**Data for analysis:**
(* Let $\omega:\Gamma\times\Gamma\to\Gamma$ be a group morphism. There is a subgroup $\Gamma_\omega\le\Gamma$ such that $\omega$ restricts to a surjective group morphism $\omega_{\mathrm{res}}:\Gamma_\omega\times\Gamma_\omega\to\Gamma_\omega$ and $G(\omega)\cong G(\omega_{\mathrm{res}})$.
   Context: $\{0,1\}^*$ denotes the finite words over $\{0,1\}$; $\mathfrak C=\{0,1\}^{\mathbb N}$. A finite complete prefix code is a finite set $\{t_1,\dots,t_n\}\subset\{0,1\}^*$ such that every $x\in\mathfrak C$ has exactly one $t_i$ as prefix. Thompson's group $V$ is the group of homeomorphisms $v$ of $\mathfrak C$ for which there exist finite complete prefix codes $\{t_i\},\{s_i\}$ and a permutation $\sigma$ with $v(t_iw)=s_{\sigma(i)}w$. For a group morphism $\omega:\Gamma^2\to\Gamma$, $K(\omega)$ is the group of maps $a:\{0,1\}^*\to\Gamma$ (pointwise product) with $a(u)=\omega(a(u0),a(u1))$ for all $u$; $V$ acts on it by $\pi(v)(a)(s_{\sigma(i)}u)=a(t_iu)$ for all $i$, $u$ (determining $\pi(v)(a)\in K(\omega)$ uniquely); $G(\omega):=K(\omega)\rtimes V$ with $vav^{-1}=\pi(v)(a)$. *)

theory Defs
  imports "HOL-Analysis.Analysis" "HOL-Algebra.Algebra"
begin

definition prep :: "bool list \<Rightarrow> (nat \<Rightarrow> bool) \<Rightarrow> (nat \<Rightarrow> bool)" where
  "prep t x = (\<lambda>k. if k < length t then t ! k else x (k - length t))"

definition is_prefix_of_seq :: "bool list \<Rightarrow> (nat \<Rightarrow> bool) \<Rightarrow> bool" where
  "is_prefix_of_seq t x \<longleftrightarrow> (\<forall>k < length t. x k = t ! k)"

definition complete_prefix_code :: "bool list set \<Rightarrow> bool" where
  "complete_prefix_code T \<longleftrightarrow> finite T \<and> (\<forall>x. \<exists>!t. t \<in> T \<and> is_prefix_of_seq t x)"

definition cantor_top :: "(nat \<Rightarrow> bool) topology" where
  "cantor_top = product_topology (\<lambda>_. discrete_topology UNIV) UNIV"

definition represents ::
  "bool list list \<Rightarrow> bool list list \<Rightarrow> (nat \<Rightarrow> nat) \<Rightarrow> ((nat \<Rightarrow> bool) \<Rightarrow> (nat \<Rightarrow> bool)) \<Rightarrow> bool" where
  "represents ts ss \<sigma> v \<longleftrightarrow>
     length ts = length ss \<and> distinct ts \<and> distinct ss \<and>
     complete_prefix_code (set ts) \<and> complete_prefix_code (set ss) \<and>
     \<sigma> permutes {0..<length ts} \<and>
     (\<forall>i < length ts. \<forall>w. v (prep (ts ! i) w) = prep (ss ! \<sigma> i) w)"

definition thompsonV_set :: "((nat \<Rightarrow> bool) \<Rightarrow> (nat \<Rightarrow> bool)) set" where
  "thompsonV_set = {v. homeomorphic_map cantor_top cantor_top v \<and>
                        (\<exists>ts ss \<sigma>. represents ts ss \<sigma> v)}"

definition thompsonV :: "((nat \<Rightarrow> bool) \<Rightarrow> (nat \<Rightarrow> bool)) monoid" where
  "thompsonV = \<lparr>carrier = thompsonV_set, mult = (\<lambda>v w. v \<circ> w), one = id\<rparr>"

definition K_set :: "'g monoid \<Rightarrow> ('g \<times> 'g \<Rightarrow> 'g) \<Rightarrow> (bool list \<Rightarrow> 'g) set" where
  "K_set \<Gamma> \<omega> = {a. (\<forall>u. a u \<in> carrier \<Gamma>) \<and>
                      (\<forall>u. a u = \<omega> (a (u @ [False]), a (u @ [True])))}"

definition K_grp :: "'g monoid \<Rightarrow> ('g \<times> 'g \<Rightarrow> 'g) \<Rightarrow> (bool list \<Rightarrow> 'g) monoid" where
  "K_grp \<Gamma> \<omega> = \<lparr>carrier = K_set \<Gamma> \<omega>,
                  mult = (\<lambda>a b. \<lambda>u. a u \<otimes>\<^bsub>\<Gamma>\<^esub> b u),
                  one = (\<lambda>u. \<one>\<^bsub>\<Gamma>\<^esub>)\<rparr>"

definition piV :: "'g monoid \<Rightarrow> ('g \<times> 'g \<Rightarrow> 'g) \<Rightarrow> ((nat \<Rightarrow> bool) \<Rightarrow> (nat \<Rightarrow> bool))
                    \<Rightarrow> (bool list \<Rightarrow> 'g) \<Rightarrow> (bool list \<Rightarrow> 'g)" where
  "piV \<Gamma> \<omega> v a = (THE b. b \<in> K_set \<Gamma> \<omega> \<and>
      (\<exists>ts ss \<sigma>. represents ts ss \<sigma> v \<and>
         (\<forall>i < length ts. \<forall>u. b (ss ! \<sigma> i @ u) = a (ts ! i @ u))))"

text \<open>G(omega) = K(omega) semidirect V, with v a v^-1 = pi(v)(a), i.e.
  (a,v)(b,w) = (a pi(v)(b), v w).\<close>
definition G_grp :: "'g monoid \<Rightarrow> ('g \<times> 'g \<Rightarrow> 'g)
      \<Rightarrow> ((bool list \<Rightarrow> 'g) \<times> ((nat \<Rightarrow> bool) \<Rightarrow> (nat \<Rightarrow> bool))) monoid" where
  "G_grp \<Gamma> \<omega> = \<lparr>carrier = K_set \<Gamma> \<omega> \<times> thompsonV_set,
     mult = (\<lambda>(a, v) (b, w). (\<lambda>u. a u \<otimes>\<^bsub>\<Gamma>\<^esub> piV \<Gamma> \<omega> v b u, v \<circ> w)),
     one = (\<lambda>u. \<one>\<^bsub>\<Gamma>\<^esub>, id)\<rparr>"

end

theory Submission
  imports Defs
begin

text \<open>Take \<open>\<Gamma>\<^sub>\<omega>\<close> to be the set of values \<open>a []\<close> at the root of the elements \<open>a\<close> of \<open>K(\<omega>)\<close>.
  Since subtrees of elements of \<open>K(\<omega>)\<close> are again in \<open>K(\<omega>)\<close>, every element of \<open>K(\<omega>)\<close> takes
  all its values in \<open>\<Gamma>\<^sub>\<omega>\<close>; as \<open>K(\<omega>)\<close> is a group, \<open>\<Gamma>\<^sub>\<omega>\<close> is a subgroup. It is mapped onto itself
  by \<omega>: \<open>a [] = \<omega> (a [False], a [True])\<close> gives surjectivity, and grafting two elements of
  \<open>K(\<omega>)\<close> below a new root gives closure. Hence \<open>K(\<omega>\<^sub>r\<^sub>e\<^sub>s) = K(\<omega>)\<close> as sets of maps, and
  \<open>G(\<omega>\<^sub>r\<^sub>e\<^sub>s)\<close> and \<open>G(\<omega>)\<close> are literally the same group.\<close>

lemma K_set_iff:
  "a \<in> K_set \<Gamma> \<omega> \<longleftrightarrow>
     (\<forall>u. a u \<in> carrier \<Gamma>) \<and> (\<forall>u. a u = \<omega> (a (u @ [False]), a (u @ [True])))"
  by (simp add: K_set_def)

lemma K_set_suffix:
  assumes "a \<in> K_set \<Gamma> \<omega>"
  shows "(\<lambda>w. a (u @ w)) \<in> K_set \<Gamma> \<omega>"
  using assms unfolding K_set_iff by (metis append_assoc)

lemma K_set_graft:
  assumes a: "a \<in> K_set \<Gamma> \<omega>" and b: "b \<in> K_set \<Gamma> \<omega>"
    and root: "\<omega> (a [], b []) \<in> carrier \<Gamma>"
  shows "(\<lambda>w. case w of [] \<Rightarrow> \<omega> (a [], b []) | x # v \<Rightarrow> if x then b v else a v) \<in> K_set \<Gamma> \<omega>"
    (is "?c \<in> _")
proof -
  from a have a_carrier: "\<forall>u. a u \<in> carrier \<Gamma>"
    and a_eq: "\<And>u. a u = \<omega> (a (u @ [False]), a (u @ [True]))"
    unfolding K_set_iff by blast+
  from b have b_carrier: "\<forall>u. b u \<in> carrier \<Gamma>"
    and b_eq: "\<And>u. b u = \<omega> (b (u @ [False]), b (u @ [True]))"
    unfolding K_set_iff by blast+
  have "?c w \<in> carrier \<Gamma>" for w
    using a_carrier b_carrier root by (cases w) auto
  moreover have "?c w = \<omega> (?c (w @ [False]), ?c (w @ [True]))" for w
  proof (cases w)
    case (Cons x v)
    then show ?thesis
      using a_eq[of v] b_eq[of v] by simp
  qed simp
  ultimately show ?thesis
    unfolding K_set_iff by blast
qed

lemma K_set_restrict_carrier:
  assumes "H \<subseteq> carrier \<Gamma>"
  shows "K_set (\<Gamma>\<lparr>carrier := H\<rparr>) \<omega> = {a \<in> K_set \<Gamma> \<omega>. \<forall>u. a u \<in> H}"
  using assms by (simp add: set_eq_iff K_set_iff) blast

lemma G_grp_eqI:
  assumes "K_set \<Gamma>' \<omega> = K_set \<Gamma> \<omega>" and "mult \<Gamma>' = mult \<Gamma>" and "one \<Gamma>' = one \<Gamma>"
  shows "G_grp \<Gamma>' \<omega> = G_grp \<Gamma> \<omega>"
  unfolding G_grp_def piV_def assms ..

lemma hom_DirProd_restrict:
  assumes "\<omega> \<in> hom (\<Gamma> \<times>\<times> \<Gamma>) \<Gamma>" and "H \<subseteq> carrier \<Gamma>" and "\<omega> ` (H \<times> H) \<subseteq> H"
  shows "\<omega> \<in> hom (\<Gamma>\<lparr>carrier := H\<rparr> \<times>\<times> \<Gamma>\<lparr>carrier := H\<rparr>) (\<Gamma>\<lparr>carrier := H\<rparr>)"
proof (rule homI)
  fix x assume "x \<in> carrier (\<Gamma>\<lparr>carrier := H\<rparr> \<times>\<times> \<Gamma>\<lparr>carrier := H\<rparr>)"
  then show "\<omega> x \<in> carrier (\<Gamma>\<lparr>carrier := H\<rparr>)"
    using assms(3) by auto
next
  fix x y assume "x \<in> carrier (\<Gamma>\<lparr>carrier := H\<rparr> \<times>\<times> \<Gamma>\<lparr>carrier := H\<rparr>)"
    and "y \<in> carrier (\<Gamma>\<lparr>carrier := H\<rparr> \<times>\<times> \<Gamma>\<lparr>carrier := H\<rparr>)"
  then have "x \<in> carrier (\<Gamma> \<times>\<times> \<Gamma>)" and "y \<in> carrier (\<Gamma> \<times>\<times> \<Gamma>)"
    using assms(2) by auto
  then show "\<omega> (x \<otimes>\<^bsub>\<Gamma>\<lparr>carrier := H\<rparr> \<times>\<times> \<Gamma>\<lparr>carrier := H\<rparr>\<^esub> y) = \<omega> x \<otimes>\<^bsub>\<Gamma>\<lparr>carrier := H\<rparr>\<^esub> \<omega> y"
    using hom_mult[OF assms(1)] by (simp add: mult_DirProd')
qed

context
  fixes \<Gamma> :: "'g monoid" (structure) and \<omega> :: "'g \<times> 'g \<Rightarrow> 'g"
  assumes group: "group \<Gamma>" and hom: "\<omega> \<in> hom (\<Gamma> \<times>\<times> \<Gamma>) \<Gamma>"
begin

interpretation group \<Gamma>
  by (rule group)

interpretation \<omega>: group_hom "\<Gamma> \<times>\<times> \<Gamma>" \<Gamma> \<omega>
  by (simp add: group_hom_def group_hom_axioms_def group hom DirProd_group)

lemma hom_pair_closed: "x \<in> carrier \<Gamma> \<Longrightarrow> y \<in> carrier \<Gamma> \<Longrightarrow> \<omega> (x, y) \<in> carrier \<Gamma>"
  using \<omega>.hom_closed[of "(x, y)"] by simp

lemma hom_pair_mult:
  assumes "x \<in> carrier \<Gamma>" "y \<in> carrier \<Gamma>" "x' \<in> carrier \<Gamma>" "y' \<in> carrier \<Gamma>"
  shows "\<omega> (x \<otimes> x', y \<otimes> y') = \<omega> (x, y) \<otimes> \<omega> (x', y')"
  using assms \<omega>.hom_mult[of "(x, y)" "(x', y')"] by simp

lemma hom_pair_inv:
  assumes "x \<in> carrier \<Gamma>" "y \<in> carrier \<Gamma>"
  shows "\<omega> (inv x, inv y) = inv \<omega> (x, y)"
  using assms \<omega>.hom_inv[of "(x, y)"] by (simp add: group)

lemma K_set_one: "(\<lambda>u. \<one>) \<in> K_set \<Gamma> \<omega>"
  using \<omega>.hom_one by (simp add: K_set_iff)

lemma K_set_mult:
  assumes a: "a \<in> K_set \<Gamma> \<omega>" and b: "b \<in> K_set \<Gamma> \<omega>"
  shows "(\<lambda>u. a u \<otimes> b u) \<in> K_set \<Gamma> \<omega>"
proof -
  from a have a_carrier: "\<And>u. a u \<in> carrier \<Gamma>"
    and a_eq: "\<And>u. a u = \<omega> (a (u @ [False]), a (u @ [True]))"
    unfolding K_set_iff by blast+
  from b have b_carrier: "\<And>u. b u \<in> carrier \<Gamma>"
    and b_eq: "\<And>u. b u = \<omega> (b (u @ [False]), b (u @ [True]))"
    unfolding K_set_iff by blast+
  have "a u \<otimes> b u = \<omega> (a (u @ [False]) \<otimes> b (u @ [False]), a (u @ [True]) \<otimes> b (u @ [True]))"
    for u
    using a_eq[of u] b_eq[of u] by (simp add: hom_pair_mult a_carrier b_carrier)
  then show ?thesis
    unfolding K_set_iff using a_carrier b_carrier by blast
qed

lemma K_set_inv:
  assumes a: "a \<in> K_set \<Gamma> \<omega>"
  shows "(\<lambda>u. inv a u) \<in> K_set \<Gamma> \<omega>"
proof -
  from a have a_carrier: "\<And>u. a u \<in> carrier \<Gamma>"
    and a_eq: "\<And>u. a u = \<omega> (a (u @ [False]), a (u @ [True]))"
    unfolding K_set_iff by blast+
  have "inv a u = \<omega> (inv a (u @ [False]), inv a (u @ [True]))" for u
    using a_eq[of u] by (simp add: hom_pair_inv a_carrier)
  then show ?thesis
    unfolding K_set_iff using a_carrier by blast
qed

definition root_values :: "'g set" where
  "root_values = (\<lambda>a. a []) ` K_set \<Gamma> \<omega>"

lemma root_values_subset: "root_values \<subseteq> carrier \<Gamma>"
  unfolding root_values_def K_set_def by blast

lemma K_set_value_in_root_values:
  assumes "a \<in> K_set \<Gamma> \<omega>"
  shows "a u \<in> root_values"
  unfolding root_values_def by (rule image_eqI[OF _ K_set_suffix[OF assms, of u]]) simp

lemma subgroup_root_values: "subgroup root_values \<Gamma>"
proof (rule subgroupI)
  show "root_values \<subseteq> carrier \<Gamma>"
    by (rule root_values_subset)
  show "root_values \<noteq> {}"
    unfolding root_values_def using K_set_one by blast
next
  fix h assume "h \<in> root_values"
  then obtain a where a: "a \<in> K_set \<Gamma> \<omega>" and "h = a []"
    unfolding root_values_def by blast
  then show "inv h \<in> root_values"
    unfolding root_values_def by (intro image_eqI[OF _ K_set_inv[OF a]]) simp
next
  fix h g assume "h \<in> root_values" and "g \<in> root_values"
  then obtain a b where a: "a \<in> K_set \<Gamma> \<omega>" and b: "b \<in> K_set \<Gamma> \<omega>"
    and "h = a []" and "g = b []"
    unfolding root_values_def by blast
  then show "h \<otimes> g \<in> root_values"
    unfolding root_values_def by (intro image_eqI[OF _ K_set_mult[OF a b]]) simp
qed

lemma image_root_values: "\<omega> ` (root_values \<times> root_values) = root_values"
proof
  show "\<omega> ` (root_values \<times> root_values) \<subseteq> root_values"
  proof clarify
    fix h g assume "h \<in> root_values" and "g \<in> root_values"
    then obtain a b where a: "a \<in> K_set \<Gamma> \<omega>" and b: "b \<in> K_set \<Gamma> \<omega>"
      and "h = a []" and "g = b []"
      unfolding root_values_def by blast
    moreover from a b have root: "\<omega> (a [], b []) \<in> carrier \<Gamma>"
      unfolding K_set_iff by (blast intro: hom_pair_closed)
    have "\<omega> (a [], b []) \<in> root_values"
      unfolding root_values_def by (rule image_eqI[OF _ K_set_graft[OF a b root]]) simp
    ultimately show "\<omega> (h, g) \<in> root_values"
      by simp
  qed
  show "root_values \<subseteq> \<omega> ` (root_values \<times> root_values)"
  proof
    fix h assume "h \<in> root_values"
    then obtain a where a: "a \<in> K_set \<Gamma> \<omega>" and "h = a []"
      unfolding root_values_def by blast
    then have "h = \<omega> (a [False], a [True])"
      unfolding K_set_iff by (metis append_Nil)
    with K_set_value_in_root_values[OF a] show "h \<in> \<omega> ` (root_values \<times> root_values)"
      by blast
  qed
qed

lemma K_set_root_values: "K_set (\<Gamma>\<lparr>carrier := root_values\<rparr>) \<omega> = K_set \<Gamma> \<omega>"
  unfolding K_set_restrict_carrier[OF root_values_subset]
  using K_set_value_in_root_values by blast

end

theorem mainTheorem16:
  fixes \<Gamma> :: "'g monoid" and \<omega> :: "'g \<times> 'g \<Rightarrow> 'g"
  assumes "group \<Gamma>" and "\<omega> \<in> hom (\<Gamma> \<times>\<times> \<Gamma>) \<Gamma>"
  shows "\<exists>H. subgroup H \<Gamma> \<and>
             \<omega> \<in> hom (\<Gamma>\<lparr>carrier := H\<rparr> \<times>\<times> \<Gamma>\<lparr>carrier := H\<rparr>) (\<Gamma>\<lparr>carrier := H\<rparr>) \<and>
             \<omega> ` (H \<times> H) = H \<and>
             G_grp \<Gamma> \<omega> \<cong> G_grp (\<Gamma>\<lparr>carrier := H\<rparr>) \<omega>"
proof (intro exI conjI)
  let ?H = "root_values \<Gamma> \<omega>"
  show "subgroup ?H \<Gamma>"
    using subgroup_root_values[OF assms] .
  show image: "\<omega> ` (?H \<times> ?H) = ?H"
    using image_root_values[OF assms] .
  show "\<omega> \<in> hom (\<Gamma>\<lparr>carrier := ?H\<rparr> \<times>\<times> \<Gamma>\<lparr>carrier := ?H\<rparr>) (\<Gamma>\<lparr>carrier := ?H\<rparr>)"
    using hom_DirProd_restrict[OF assms(2) root_values_subset[OF assms] equalityD1[OF image]] .
  have "G_grp (\<Gamma>\<lparr>carrier := ?H\<rparr>) \<omega> = G_grp \<Gamma> \<omega>"
    by (rule G_grp_eqI) (simp_all add: K_set_root_values assms)
  then show "G_grp \<Gamma> \<omega> \<cong> G_grp (\<Gamma>\<lparr>carrier := ?H\<rparr>) \<omega>"
    by (simp add: iso_refl)
qed

end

**Directions for this task:** Each line in the data where the string "cases" occurs should be identified and copied.

**Task solution:**
    using a_carrier b_carrier root by (cases w) auto
  proof (cases w)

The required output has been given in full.